Какая сцена! Мы могли бы представлять на театре. Когда вы поженитесь, постарайся излечить ее от привычки по любому поводу заливаться слезами. Отнюдь не уверена, что ее брат так уж будет расположен ее простить, но покуда я свое дело сделала. Теперь она не станет пытаться сбросить свои оковы. Надменное, язвительное письмо леди Карден породило одну обиду, в то время более проницательный и сочувствующий ум мог бы заставить ее остановиться и задуматься над тем, что она собирается совершить. С ее стороны тайное замужество — беспредельная дурость. Пора действовать.

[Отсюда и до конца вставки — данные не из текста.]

definition graph_iso :: "'a set \<Rightarrow> ('a \<Rightarrow> 'a \<Rightarrow> bool) \<Rightarrow> 'b set \<Rightarrow> ('b \<Rightarrow> 'b \<Rightarrow> bool) \<Rightarrow> bool" where
  "graph_iso V E W F \<longleftrightarrow> (\<exists>f. bij_betw f V W \<and> (\<forall>x\<in>V. \<forall>y\<in>V. E x y \<longleftrightarrow> F (f x) (f y)))"

definition inter_adj :: "('i \<Rightarrow> real set) \<Rightarrow> 'i \<Rightarrow> 'i \<Rightarrow> bool" where
  "inter_adj S i j \<longleftrightarrow> i \<noteq> j \<and> S i \<inter> S j \<noteq> {}"

definition Jset :: "nat \<Rightarrow> real set" where
  "Jset j = (if j = 0 then {0} else {real j - 1 .. real j})"

text \<open>Condition (ii) for a single set I with parameter l.\<close>
definition CL_interval_union :: "nat \<Rightarrow> real set \<Rightarrow> bool" where
  "CL_interval_union l I \<longleftrightarrow>
     (\<exists>t::nat. \<exists>a::nat \<Rightarrow> nat. \<exists>b::nat \<Rightarrow> real. t \<ge> 1 \<and>
        I = (\<Union>k\<in>{1..t}. {real (a k) .. b k}) \<and>
        (\<forall>k\<in>{1..t}. real (a k) < b k) \<and>
        (\<forall>k\<in>{1..<t}. b k < real (a (k+1)) \<and> real (a (k+1)) - b k > 2) \<and>
        b t < real l)"

text \<open>Conditions (ii)-(iv) for I_1..I_r (given as I :: nat => real set on {1..r}).\<close>
definition CL_data :: "nat \<Rightarrow> nat \<Rightarrow> (nat \<Rightarrow> real set) \<Rightarrow> bool" where
  "CL_data l r I \<longleftrightarrow> l \<ge> 1 \<and>
     (\<forall>i\<in>{1..r}. CL_interval_union l (I i)) \<and>
     (\<forall>T. T \<subseteq> {1..r} \<longrightarrow> (\<forall>p\<in>T. \<forall>q\<in>T. I p \<inter> I q \<noteq> {}) \<longrightarrow> \<Inter>(I ` T) \<noteq> {}) \<and>
     (\<forall>p\<in>{1..r}. \<forall>q\<in>{1..r}. I p \<inter> I q \<noteq> {} \<longrightarrow>
        (\<forall>j::nat. real j \<in> I p \<and> real j \<notin> I q \<longrightarrow>
           (real j + 1 \<notin> I p \<longrightarrow> real j + 1 \<notin> I q) \<and>
           (real j - 1 \<notin> I p \<longrightarrow> real j - 1 \<notin> I q)))"

text \<open>Vertices: Inl j stands for J_j (0 \<le> j \<le> l), Inr i for I_i (1 \<le> i \<le> r).\<close>
definition CL_vertices :: "nat \<Rightarrow> nat \<Rightarrow> (nat + nat) set" where
  "CL_vertices l r = Inl ` {0..l} \<union> Inr ` {1..r}"

definition CL_sets :: "(nat \<Rightarrow> real set) \<Rightarrow> nat + nat \<Rightarrow> real set" where
  "CL_sets I v = (case v of Inl j \<Rightarrow> Jset j | Inr i \<Rightarrow> I i)"

definition connected_CL_graph :: "'a set \<Rightarrow> ('a \<Rightarrow> 'a \<Rightarrow> bool) \<Rightarrow> bool" where
  "connected_CL_graph V E \<longleftrightarrow>
     (\<exists>l r I. CL_data l r I \<and> graph_iso V E (CL_vertices l r) (inter_adj (CL_sets I)))"

definition CL_graph :: "'a set \<Rightarrow> ('a \<Rightarrow> 'a \<Rightarrow> bool) \<Rightarrow> bool" where
  "CL_graph V E \<longleftrightarrow> (\<forall>C\<in>components V E. connected_CL_graph C E)"

end

theory Submission
  imports Defs
begin

text \<open>Choose a longest induced path v_0 \<dots> v_l and, for each of its edges v_p v_(p+1), a
  maximal clique Q_p containing it. A clique contains at most two vertices of an induced
  path, and only consecutive ones, so the Q_p are distinct and \<open>\<ell> \<le> c\<close> for every graph;
  since both sides add up over components, \<open>\<ell>(G) = c(G)\<close> holds iff it holds for each
  component.

  In a CL-graph the path J_0 \<dots> J_l shows \<open>\<ell> \<ge> l\<close>. Conversely every clique has a common
  integer point p < l: for cliques of I's by the Helly condition (iii) and integrality of
  the left endpoints, for cliques through two consecutive J's because the gaps in (ii)
  exceed 2, and for cliques through a single J_j by condition (iv). So each maximal clique
  consists of all sets containing some p < l, and \<open>c \<le> l\<close>.

  If \<open>\<ell> = c\<close>, then Q_0, \<dots>, Q_(l-1) are all the maximal cliques. A vertex x off the path
  is adjacent to v_j iff j or j - 1 lies in P(x) = {p. x \<in> Q_p}, two such vertices are
  adjacent iff their sets P meet, and every clique lies in some Q_p. Representing x by a
  thickening of P(x) to a union of intervals, and v_j by J_j, yields a CL-representation.\<close>

section \<open>Longest induced paths and maximal cliques\<close>

lemma induced_path_singleton: "v \<in> V \<Longrightarrow> induced_path V E [v]"
  by (simp add: induced_path_def)

lemma induced_path_adj_iff:
  assumes "symp_on V E" "induced_path V E xs" "i < length xs" "j < length xs" "i \<noteq> j"
  shows "E (xs ! i) (xs ! j) \<longleftrightarrow> j = Suc i \<or> i = Suc j"
proof -
  have in_V: "xs ! i \<in> V" "xs ! j \<in> V"
    using assms(2-4) by (auto simp: induced_path_def)
  have "E (xs ! i) (xs ! j) \<longleftrightarrow> E (xs ! j) (xs ! i)"
    using symp_onD[OF assms(1)] in_V by blast
  then show ?thesis
    using assms(2-5) unfolding induced_path_def by (cases "i < j") auto
qed

lemma finite_induced_path_lengths:
  assumes "finite V"
  shows "finite {length xs - 1 | xs. induced_path V E xs}"
proof -
  have "length xs \<le> card V" if "induced_path V E xs" for xs
  proof -
    have "distinct xs" "set xs \<subseteq> V" using that by (auto simp: induced_path_def)
    then show ?thesis using card_mono[OF assms] distinct_card by metis
  qed
  then have "{length xs - 1 | xs. induced_path V E xs} \<subseteq> {..card V}"
    by (auto intro: le_trans[OF diff_le_self])
  then show ?thesis using finite_subset by blast
qed

lemma induced_path_length_le_lip:
  assumes "finite V" "induced_path V E xs"
  shows "length xs - 1 \<le> lip V E"
proof -
  have "length xs - 1 \<in> {length xs - 1 | xs. induced_path V E xs}"
    using assms(2) by blast
  then show ?thesis
    unfolding lip_def using Max_ge[OF finite_induced_path_lengths[OF assms(1)]] by blast
qed

lemma longest_induced_path_exists:
  assumes "finite V" "V \<noteq> {}"
  obtains xs where "induced_path V E xs" "length xs - 1 = lip V E"
proof -
  let ?L = "{length xs - 1 | xs. induced_path V E xs}"
  obtain v where "v \<in> V" using assms(2) by blast
  then have "induced_path V E [v]" by (rule induced_path_singleton)
  then have "?L \<noteq> {}" by blast
  with finite_induced_path_lengths[OF assms(1)] have "lip V E \<in> ?L"
    unfolding lip_def by (rule Max_in)
  then show ?thesis using that by auto
qed

lemma finite_cliques: "finite V \<Longrightarrow> finite {K. clique V E K}"
  by (rule finite_subset[of _ "Pow V"]) (auto simp: clique_def)

lemma finite_maximal_cliques: "finite V \<Longrightarrow> finite {K. maximal_clique V E K}"
  by (rule finite_subset[OF _ finite_cliques]) (auto simp: maximal_clique_def)

lemma clique_subset_maximal_clique:
  assumes "finite V" "clique V E K"
  obtains K' where "maximal_clique V E K'" "K \<subseteq> K'"
proof -
  obtain M where "clique V E M" "K \<subseteq> M" "\<forall>K'. clique V E K' \<longrightarrow> M \<subseteq> K' \<longrightarrow> M = K'"
    using finite_has_maximal2[OF finite_cliques[of V E, OF assms(1)], of K] assms(2) by auto
  then show ?thesis by (intro that[of M]) (auto simp: maximal_clique_def)
qed

lemma maximal_clique_nonempty:
  assumes "V \<noteq> {}" "maximal_clique V E K"
  shows "K \<noteq> {}"
proof
  assume "K = {}"
  obtain v where "v \<in> V" using assms(1) by blast
  then have "clique V E {v}" by (simp add: clique_def)
  then show False using assms(2) \<open>K = {}\<close> unfolding maximal_clique_def by blast
qed

definition edge_clique :: "'a set \<Rightarrow> ('a \<Rightarrow> 'a \<Rightarrow> bool) \<Rightarrow> 'a list \<Rightarrow> nat \<Rightarrow> 'a set" where
  "edge_clique V E xs p = (SOME K. maximal_clique V E K \<and> {xs ! p, xs ! Suc p} \<subseteq> K)"

lemma edge_clique_spec:
  assumes "finite V" "symp_on V E" "induced_path V E xs" "Suc p < length xs"
  shows "maximal_clique V E (edge_clique V E xs p)"
    and "xs ! p \<in> edge_clique V E xs p" "xs ! Suc p \<in> edge_clique V E xs p"
proof -
  have "E (xs ! p) (xs ! Suc p)"
    using induced_path_adj_iff[OF assms(2,3)] assms(4) by simp
  moreover have "xs ! p \<in> V" "xs ! Suc p \<in> V"
    using assms(3,4) by (auto simp: induced_path_def)
  ultimately have "clique V E {xs ! p, xs ! Suc p}"
    using symp_onD[OF assms(2)] by (auto simp: clique_def)
  then have "\<exists>K. maximal_clique V E K \<and> {xs ! p, xs ! Suc p} \<subseteq> K"
    using clique_subset_maximal_clique[OF assms(1)] by metis
  from someI_ex[OF this]
  show "maximal_clique V E (edge_clique V E xs p)"
    "xs ! p \<in> edge_clique V E xs p" "xs ! Suc p \<in> edge_clique V E xs p"
    unfolding edge_clique_def by auto
qed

1. Описание заимствовано из романа Энн Бронте «Арендатор Уилдфелл-холла».
2. Вся одежда шилась вручную, причем подрубать края ткани было особенно скучной работой. О способностях девушки к рукоделию часто судили именно по этим швам. Поплин считался тканью, особенно подходящей для детской одежды, потому что он легко стирается и очень прочный - Э.
3. В предисловии к роману «Юлия или новая Элоиза» о любви бедного учителя и барышни из богатой семьи. Дальнейшие рассуждения – из «Опасных связей» Шадерло де Лакло. – Э.
4. А это – скрытая цитата из «Писем, писаных во время краткого пребывания в Швеции» основательницы английского феминизма Мэри Уоллстонкрафт. – Э.
Письмо 70. Джордж Уикхем миссис Янг
Хальверс, окрестности Рамсгета, 19 августа 1811 года.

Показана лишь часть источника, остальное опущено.